(* Let $G=\langle L,X_u,X_c,(f_l)_{l\in L},\mathit{err}\rangle$ be a symbolic game. Let $e_1,\dots,e_n$ be Boolean functions on $\mathbb{B}^{L,X_u,X_c}$ with $\mathit{err}\equiv\bigvee_{i=1}^n e_i$. Consider the following procedure (Algorithm comp_1): 1. For each $1\le i\le n$, let $w_i=W\big(\langle\mathrm{cone}(e_i),X_u,X_c,(f_l)_{l\in\mathrm{cone}(e_i)}\rangle[\mathit{err}\leftarrow e_i]\big)\uparrow_{L,X_u,X_c}$. 2. Let $\Lambda=\bigwedge_{i=1}^n w_i$. 3. For each $l\in\mathrm{cone}(\Lambda)$, let $f'_l$ be a generalized cofactor of $f_l$ with respect to $\Lambda$. 4. Return $W\big(\langle\mathrm{cone}(\Lambda),X_u,X_c,(f'_l)_{l\in\mathrm{cone}(\Lambda)}\rangle[\mathit{err}\leftarrow\neg\Lambda]\big)\uparrow_{L,X_u,X_c}$. Then the returned set equals $W(G)$, the set of winning valuations of $G$.
   Context: Let $\mathbb{B}=\{0,1\}$. For a finite set $A$ of Boolean variables, valuations are elements of $\mathbb{B}^A$. Sets of valuations are identified with characteristic functions $\mathbb{B}^A\to\mathbb{B}$, with $\wedge,\vee,\neg$ as intersection, union and complement. $\mathbb{B}^{A,B}=\mathbb{B}^A\times\mathbb{B}^B$. For $A\subseteq B$, $v\downarrow_A$ is the restriction of $v\in\mathbb{B}^B$ to $A$, and $f\uparrow_B(v)=f(v\downarrow_A)$ is the lifting of $f:\mathbb{B}^A\to\mathbb{B}$. Functions not depending on variables outside $A$ are identified with functions on $\mathbb{B}^A$. A symbolic game $G=\langle L,X_u,X_c,(f_l)_{l\in L},\mathit{err}\rangle$ consists of the following data: - finite pairwise disjoint variable sets $L$ (latches), $X_u$ (uncontrollable inputs) and $X_c$ (controllable inputs); - transition functions $f_l:\mathbb{B}^{L,X_u,X_c}\to\mathbb{B}$; - an error function $\mathit{err}:\mathbb{B}^{L,X_u,X_c}\to\mathbb{B}$. $\langle L',X_u,X_c,(g_l)_{l\in L'}\rangle[\mathit{err}\leftarrow e]$ is the game with latches $L'$, transitions $g_l$ and error function $e$, regarded as functions on $\mathbb{B}^{L',X_u,X_c}$. With $\delta(v)(l)=f_l(v)$, an execution from $v$ is a sequence $(v_i)_{i\in\mathbb{N}}$ with $v_0=v$ and $v_{i+1}\downarrow_L=\delta(v_i)$. It is safe if the error function is $0$ on all $v_i$. A strategy $\lambda:\mathbb{B}^{L,X_u}\to\mathbb{B}^{X_c}$ is compatible with an execution if $v_i\downarrow_{X_c}=\lambda(v_i\downarrow_L,v_i\downarrow_{X_u})$ for all $i\ge0$. A valuation $v$ is winning if some strategy makes all compatible executions from $v$ safe. $W(\cdot)$ denotes the set of winning valuations of a game. Cone of influence: for a Boolean function $\Phi$, let $C$ be the minimal set of variables such that - $C$ contains every $x$ with $(\exists x:\Phi)\not\Leftrightarrow\Phi$, and - for each latch $y\in C$, $C$ contains every variable on which $f_y$ depends. Then $\mathrm{cone}(\Phi)=C\cap L$. A generalized cofactor of $f$ with respect to $g$ is any function $\hat f$ with $\hat f\wedge g=f\wedge g$. *)

theory Defs
  imports Main
begin

text \<open>Variables have type 'v; a valuation is a total map 'v \<Rightarrow> bool, of which only the
values on the relevant variable set matter.  A Boolean function on B^A is a function on
total valuations that depends only on the variables in A.\<close>

type_synonym 'v val = "'v \<Rightarrow> bool"
type_synonym 'v bfun = "'v val \<Rightarrow> bool"

definition agree_on :: "'v set \<Rightarrow> 'v val \<Rightarrow> 'v val \<Rightarrow> bool" where
  "agree_on A v w \<longleftrightarrow> (\<forall>x\<in>A. v x = w x)"

definition supported_on :: "'v set \<Rightarrow> 'v bfun \<Rightarrow> bool" where
  "supported_on A g \<longleftrightarrow> (\<forall>v w. agree_on A v w \<longrightarrow> g v = g w)"

definition depends_on :: "'v bfun \<Rightarrow> 'v \<Rightarrow> bool" where
  "depends_on \<Phi> x \<longleftrightarrow> (\<exists>v b. \<Phi> (v(x := b)) \<noteq> \<Phi> v)"

inductive_set cone_vars :: "'v set \<Rightarrow> ('v \<Rightarrow> 'v bfun) \<Rightarrow> 'v bfun \<Rightarrow> 'v set"
  for L :: "'v set" and f :: "'v \<Rightarrow> 'v bfun" and \<Phi> :: "'v bfun" where
  base: "depends_on \<Phi> x \<Longrightarrow> x \<in> cone_vars L f \<Phi>"
| step: "y \<in> cone_vars L f \<Phi> \<Longrightarrow> y \<in> L \<Longrightarrow> depends_on (f y) x \<Longrightarrow> x \<in> cone_vars L f \<Phi>"

definition cone :: "'v set \<Rightarrow> ('v \<Rightarrow> 'v bfun) \<Rightarrow> 'v bfun \<Rightarrow> 'v set" where
  "cone L f \<Phi> = cone_vars L f \<Phi> \<inter> L"

text \<open>A strategy maps valuations of L,Xu to valuations of Xc: it is a map on total
valuations whose Xc-part depends only on the L,Xu-part.\<close>
definition is_strategy :: "'v set \<Rightarrow> 'v set \<Rightarrow> 'v set \<Rightarrow> ('v val \<Rightarrow> 'v val) \<Rightarrow> bool" where
  "is_strategy L Xu Xc str \<longleftrightarrow>
     (\<forall>v w. agree_on (L \<union> Xu) v w \<longrightarrow> agree_on Xc (str v) (str w))"

definition is_execution ::
  "'v set \<Rightarrow> 'v set \<Rightarrow> 'v set \<Rightarrow> ('v \<Rightarrow> 'v bfun) \<Rightarrow> 'v val \<Rightarrow> (nat \<Rightarrow> 'v val) \<Rightarrow> bool" where
  "is_execution L Xu Xc f v s \<longleftrightarrow>
     agree_on (L \<union> Xu \<union> Xc) (s 0) v \<and> (\<forall>i. \<forall>l\<in>L. s (Suc i) l = f l (s i))"

definition compatible :: "'v set \<Rightarrow> ('v val \<Rightarrow> 'v val) \<Rightarrow> (nat \<Rightarrow> 'v val) \<Rightarrow> bool" where
  "compatible Xc str s \<longleftrightarrow> (\<forall>i. agree_on Xc (s i) (str (s i)))"

definition safe_exec :: "'v bfun \<Rightarrow> (nat \<Rightarrow> 'v val) \<Rightarrow> bool" where
  "safe_exec err s \<longleftrightarrow> (\<forall>i. \<not> err (s i))"

text \<open>Winning valuations of the game <L,Xu,Xc,(f l)_{l in L}>[err <- e], already lifted to
total valuations (membership depends only on the L,Xu,Xc-part).  The strategy is required
to be consistent with v at step 0 (otherwise there are no compatible executions and the
condition would be vacuous).\<close>
definition winning ::
  "'v set \<Rightarrow> 'v set \<Rightarrow> 'v set \<Rightarrow> ('v \<Rightarrow> 'v bfun) \<Rightarrow> 'v bfun \<Rightarrow> 'v val \<Rightarrow> bool" where
  "winning L Xu Xc f err v \<longleftrightarrow>
     (\<exists>str. is_strategy L Xu Xc str \<and> agree_on Xc v (str v) \<and>
        (\<forall>s. is_execution L Xu Xc f v s \<and> compatible Xc str s \<longrightarrow> safe_exec err s))"

definition symbolic_game ::
  "'v set \<Rightarrow> 'v set \<Rightarrow> 'v set \<Rightarrow> ('v \<Rightarrow> 'v bfun) \<Rightarrow> 'v bfun \<Rightarrow> bool" where
  "symbolic_game L Xu Xc f err \<longleftrightarrow>
     finite L \<and> finite Xu \<and> finite Xc \<and>
     L \<inter> Xu = {} \<and> L \<inter> Xc = {} \<and> Xu \<inter> Xc = {} \<and>
     (\<forall>l\<in>L. supported_on (L \<union> Xu \<union> Xc) (f l)) \<and>
     supported_on (L \<union> Xu \<union> Xc) err"

end

theory Submission
  imports Defs
begin

text \<open>A valuation is winning iff it lies in a controlled invariant set: a set of valuations
avoiding the error from each of which the controller can answer every input so as to stay in the
set.  As err is the disjunction of the e_i, a valuation winning for G is winning for every e_i,
and restricting a game to the cone of its error leaves its winning region unchanged; conversely
no error valuation lies in all the w_i.  Hence err may be replaced by \<not>\<Lambda> and the game
restricted to the cone of \<Lambda>.  Finally, a controlled invariant set for the error \<not>\<Lambda> never
leaves \<Lambda>, where each f_l agrees with its cofactor f'_l.\<close>

lemma agree_on_sym: "agree_on A v w \<Longrightarrow> agree_on A w v"
  by (auto simp: agree_on_def)

lemma agree_on_subset: "agree_on B v w \<Longrightarrow> A \<subseteq> B \<Longrightarrow> agree_on A v w"
  by (auto simp: agree_on_def)

lemma supported_on_mono: "supported_on A g \<Longrightarrow> A \<subseteq> B \<Longrightarrow> supported_on B g"
  unfolding supported_on_def by (meson agree_on_subset)

subsection \<open>Support and the cone of influence\<close>

lemma supported_on_depends_on:
  assumes "finite A" and "supported_on A g"
  shows "supported_on {x\<in>A. depends_on g x} g"
proof -
  have "\<forall>v w. agree_on (A - B) v w \<longrightarrow> g v = g w"
    if "finite B" "B \<subseteq> {x\<in>A. \<not> depends_on g x}" for B
    using that
  proof (induction B rule: finite_induct)
    case empty
    then show ?case using assms(2) by (simp add: supported_on_def)
  next
    case (insert x B)
    show ?case
    proof (intro allI impI)
      fix v w assume "agree_on (A - insert x B) v w"
      then have "agree_on (A - B) (v(x := w x)) w" by (auto simp: agree_on_def)
      then have "g (v(x := w x)) = g w" using insert by blast
      moreover have "g (v(x := w x)) = g v" using insert(4) unfolding depends_on_def by blast
      ultimately show "g v = g w" by simp
    qed
  qed
  moreover have "finite {x\<in>A. \<not> depends_on g x}" using assms(1) by simp
  ultimately have "\<forall>v w. agree_on (A - {x\<in>A. \<not> depends_on g x}) v w \<longrightarrow> g v = g w" by blast
  moreover have "A - {x\<in>A. \<not> depends_on g x} = {x\<in>A. depends_on g x}" by blast
  ultimately show ?thesis unfolding supported_on_def by simp
qed

lemma cone_subset: "cone L f \<Phi> \<subseteq> L"
  by (simp add: cone_def)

● **TO DO**
When a line in the data contains "open", return it as written.

● **ANSWER SPACE**
text \<open>Variables have type 'v; a valuation is a total map 'v \<Rightarrow> bool, of which only the
text \<open>A strategy maps valuations of L,Xu to valuations of Xc: it is a map on total
text \<open>Winning valuations of the game <L,Xu,Xc,(f l)_{l in L}>[err <- e], already lifted to
text \<open>A valuation is winning iff it lies in a controlled invariant set: a set of valuations
subsection \<open>Support and the cone of influence\<close>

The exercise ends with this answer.